Logs are a different scenario regarding data modelling. For most use cases, no transformation in the raw data is ever needed, since any transformation usually happens at read time, depending on the given analysis that will take place. Because of that, the final data model is the same as the format that the utilized tools (auditbeat and zeek) generate.

Addressing Other Scenarios

The data was increased by 100x

This scenario is easy to manage while using Spark, which is a big data tool. In this case, the easiest way to deal with the scenario is to horizontally escalate the Spark Cluster that works with the data.

The pipelines would be run on a daily basis by 7am

Apache Airflow could be used as the scheduler to run the specific tasks as notebooks or python scripts.

The database needed to be accessed by 100+ people

Apache spark is a tool that work well with large data, but to address the large number of users, a tool that can manage the user and access part of Spark is Databricks (althought it's a paid tool).

Data dictionary

You can find the detail of what is every field in both datasets in the file Data Dictionary.md.

How to use this project

This projects utilizes pyspark do run all the transformation and analysis.
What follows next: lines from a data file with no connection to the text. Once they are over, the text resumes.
(* Let $f(x):=x^n+a_1x^{n-1}+a_2x^{n-2}+\cdots+a_n$ be a real polynomial, and set $a_0:=1$. Suppose $f$ has (counting multiplicities) $n_+$ roots with positive real part, $n_-$ roots with negative real part and $n_0<n$ purely imaginary roots (roots with zero real part), so $n_++n_-+n_0=n$. Let \[ P(x):=\sum_{j\ge 0,\ 2j\le n}(-1)^j a_{2j}\,x^{n-2j}=x^n-a_2x^{n-2}+a_4x^{n-4}-\cdots, \] \[ Q(x):=\sum_{j\ge 0,\ 2j+1\le n}(-1)^j a_{2j+1}\,x^{n-2j-1}=a_1x^{n-1}-a_3x^{n-3}+a_5x^{n-5}-\cdots, \] and $d:=n-2\min(n_+,n_-)$. Then, counting multiplicities, there exist at least $d$ real roots $\mu_1,\ldots,\mu_d$ of $P$ and at least $d-1$ real roots $\nu_1,\ldots,\nu_{d-1}$ of $Q$ such that \[ \mu_1\le\nu_1\le\mu_2\le\nu_2\le\cdots\le\nu_{d-1}\le\mu_d . \] If $n_0=0$, then these inequalities may be taken to be strict.
   Context: "Counting multiplicities" means that a root of multiplicity $m$ may appear up to $m$ times in the respective list. *)

theory Defs
  imports "HOL-Computational_Algebra.Polynomial" "HOL-Library.Multiset" Complex_Main
begin

definition roots_count :: "(real \<Rightarrow> bool) \<Rightarrow> real poly \<Rightarrow> nat" where
  "roots_count R f =
     (\<Sum>z\<in>{z. poly (map_poly complex_of_real f) z = 0 \<and> R (Re z)}.
        order z (map_poly complex_of_real f))"

abbreviation n_pos :: "real poly \<Rightarrow> nat" where "n_pos f \<equiv> roots_count (\<lambda>r. r > 0) f"
abbreviation n_neg :: "real poly \<Rightarrow> nat" where "n_neg f \<equiv> roots_count (\<lambda>r. r < 0) f"
abbreviation n_zero :: "real poly \<Rightarrow> nat" where "n_zero f \<equiv> roots_count (\<lambda>r. r = 0) f"

text \<open>With \<open>a_j = coeff f (n - j)\<close>, \<open>n = degree f\<close>:
  \<open>P x = \<Sum>_{2j\<le>n} (-1)^j a_{2j} x^{n-2j}\<close>, \<open>Q x = \<Sum>_{2j+1\<le>n} (-1)^j a_{2j+1} x^{n-2j-1}\<close>.\<close>
definition P_poly :: "real poly \<Rightarrow> real poly" where
  "P_poly f = (let n = degree f in
     (\<Sum>j\<in>{j. 2*j \<le> n}. monom ((-1)^j * coeff f (n - 2*j)) (n - 2*j)))"

definition Q_poly :: "real poly \<Rightarrow> real poly" where
  "Q_poly f = (let n = degree f in
     (\<Sum>j\<in>{j. 2*j + 1 \<le> n}. monom ((-1)^j * coeff f (n - 2*j - 1)) (n - 2*j - 1)))"

text \<open>The list \<open>xs\<close> consists of roots of \<open>p\<close>, counted with multiplicity
  (for the zero polynomial every real number is a root of arbitrary multiplicity).\<close>
definition roots_with_mult :: "real list \<Rightarrow> real poly \<Rightarrow> bool" where
  "roots_with_mult xs p \<longleftrightarrow> p = 0 \<or> (\<forall>x. count (mset xs) x \<le> order x p)"

end

theory Submission
  imports Defs "HOL-Computational_Algebra.Fundamental_Theorem_Algebra" "HOL-Real_Asymp.Real_Asymp"
begin

text \<open>Over \<open>\<complex>\<close>, \<open>P(x) - \<i> Q(x) = (-\<i>)\<^sup>n f(\<i> x) = \<Prod>\<^sub>w (x + \<i> w)\<close>, the product running
  over the roots \<open>w\<close> of \<open>f\<close>. A purely imaginary root \<open>w\<close> contributes the real factor \<open>x - Im w\<close>,
  common to \<open>P\<close> and \<open>Q\<close>. Along the real line, the argument of the product over the remaining
  roots varies continuously from \<open>(n\<^sub>+ - n\<^sub>-) \<pi>\<close> at \<open>-\<infinity>\<close> to \<open>0\<close> at \<open>+\<infinity>\<close>, so it passes
  through the \<open>2D - 1\<close> intermediate multiples of \<open>\<pi>/2\<close>, where \<open>D = |n\<^sub>+ - n\<^sub>-|\<close>. There the
  product is alternately purely imaginary and real, which gives strictly interlacing zeros of the
  cofactors of \<open>P\<close> and \<open>Q\<close>. Inserting every root of the common factor twice into this sorted
  list keeps the interlacing and yields \<open>d = n\<^sub>0 + D\<close> roots of \<open>P\<close> and \<open>d - 1\<close> roots of \<open>Q\<close>.\<close>

fun evens :: "'a list \<Rightarrow> 'a list" and odds :: "'a list \<Rightarrow> 'a list" where
  "evens [] = []"
| "evens (x # xs) = x # odds xs"
| "odds [] = []"
| "odds (x # xs) = evens xs"

lemma length_evens_odds:
  "length (evens xs) = (length xs + 1) div 2 \<and> length (odds xs) = length xs div 2"
  by (induction xs) auto

lemma nth_evens_odds:
  "(\<forall>i < length (evens xs). evens xs ! i = xs ! (2 * i)) \<and>
   (\<forall>i < length (odds xs). odds xs ! i = xs ! (2 * i + 1))"
proof (induction xs)
  case (Cons x xs)
  show ?case
  proof (intro conjI allI impI)
    fix i assume "i < length (evens (x # xs))"
    then show "evens (x # xs) ! i = (x # xs) ! (2 * i)" using Cons by (cases i) auto
  next
    fix i assume "i < length (odds (x # xs))"
    then show "odds (x # xs) ! i = (x # xs) ! (2 * i + 1)" using Cons by (cases i) auto
  qed
qed simp

lemma distinct_evens_odds: "distinct xs \<Longrightarrow> distinct (evens xs) \<and> distinct (odds xs)"
proof (induction xs)
  case (Cons x xs)
  have "set (evens xs) \<subseteq> set xs \<and> set (odds xs) \<subseteq> set xs"
    by (induction xs) auto
  with Cons show ?case by auto
qed simp

lemma mset_evens_odds_append_pair:
  "mset (evens (ys @ x # x # zs)) = mset (evens (ys @ zs)) + {#x#} \<and>
   mset (odds (ys @ x # x # zs)) = mset (odds (ys @ zs)) + {#x#}"
  by (induction ys) auto

lemma sorted_wrt_evens_odds_interlace:
  assumes "sorted_wrt R xs" "length xs = 2 * d - 1" "i < d - 1"
  shows "R (evens xs ! i) (odds xs ! i) \<and> R (odds xs ! i) (evens xs ! (i + 1))"
proof -
  have "evens xs ! i = xs ! (2 * i)" "odds xs ! i = xs ! (2 * i + 1)"
    "evens xs ! (i + 1) = xs ! (2 * i + 2)"
    using nth_evens_odds[of xs] length_evens_odds[of xs] assms(2,3) by auto
  then show ?thesis
    using sorted_wrt_nth_less[OF assms(1)] assms(2,3) by auto
qed

lemma insort_insort_split: "\<exists>ys zs. xs = ys @ zs \<and> insort x (insort x xs) = ys @ x # x # zs"
proof (induction xs)
  case (Cons y xs)
  then obtain ys zs where "xs = ys @ zs" "insort x (insort x xs) = ys @ x # x # zs"
    by blast
  then show ?case
    by (cases "x \<le> y") (auto intro: exI[of _ "[]"] exI[of _ "y # ys"])
qed simp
To make it easier and more immutable the process of having the environment to work with spark, I've also built this container to have all the programs needed without need to configure it.

To use this container, run as follows (supposing you already have docker on your machine):

PROJECT_PATH="<ABSOLUTE_PROJECT_PATH>"

docker pull ajesus37/pyspark-docker

docker run --rm -it -p 8888:8888 -v $PROJECT_PATH:/home/user/udacity_project ajesus37/pyspark-docker bash

cd /home/user/udacity_project

python3 ETL.py

pyspark

The above commands should do the following:

  1. Download the pyspark-docker image locally;
  2. Execute the container image sharing the project path and the container;
  3. Decompress the raw dataset inside the project folder;
  4. Start JupyterLabs with pyspark backend already working;

After that, get the url with 127.0.0.1 in it from the terminal output and paste it in your browser. Now you just need to navigate through files and execute the notebooks as wished.

Log Analysis Scenario

To show what can be done using these 2 datasets together, the notebook Log Analysis Scenario.ipynb shows an investigation of a malicious website accessed by a given host in the network, and it uses the network and host logs to determine what software called the malicious website.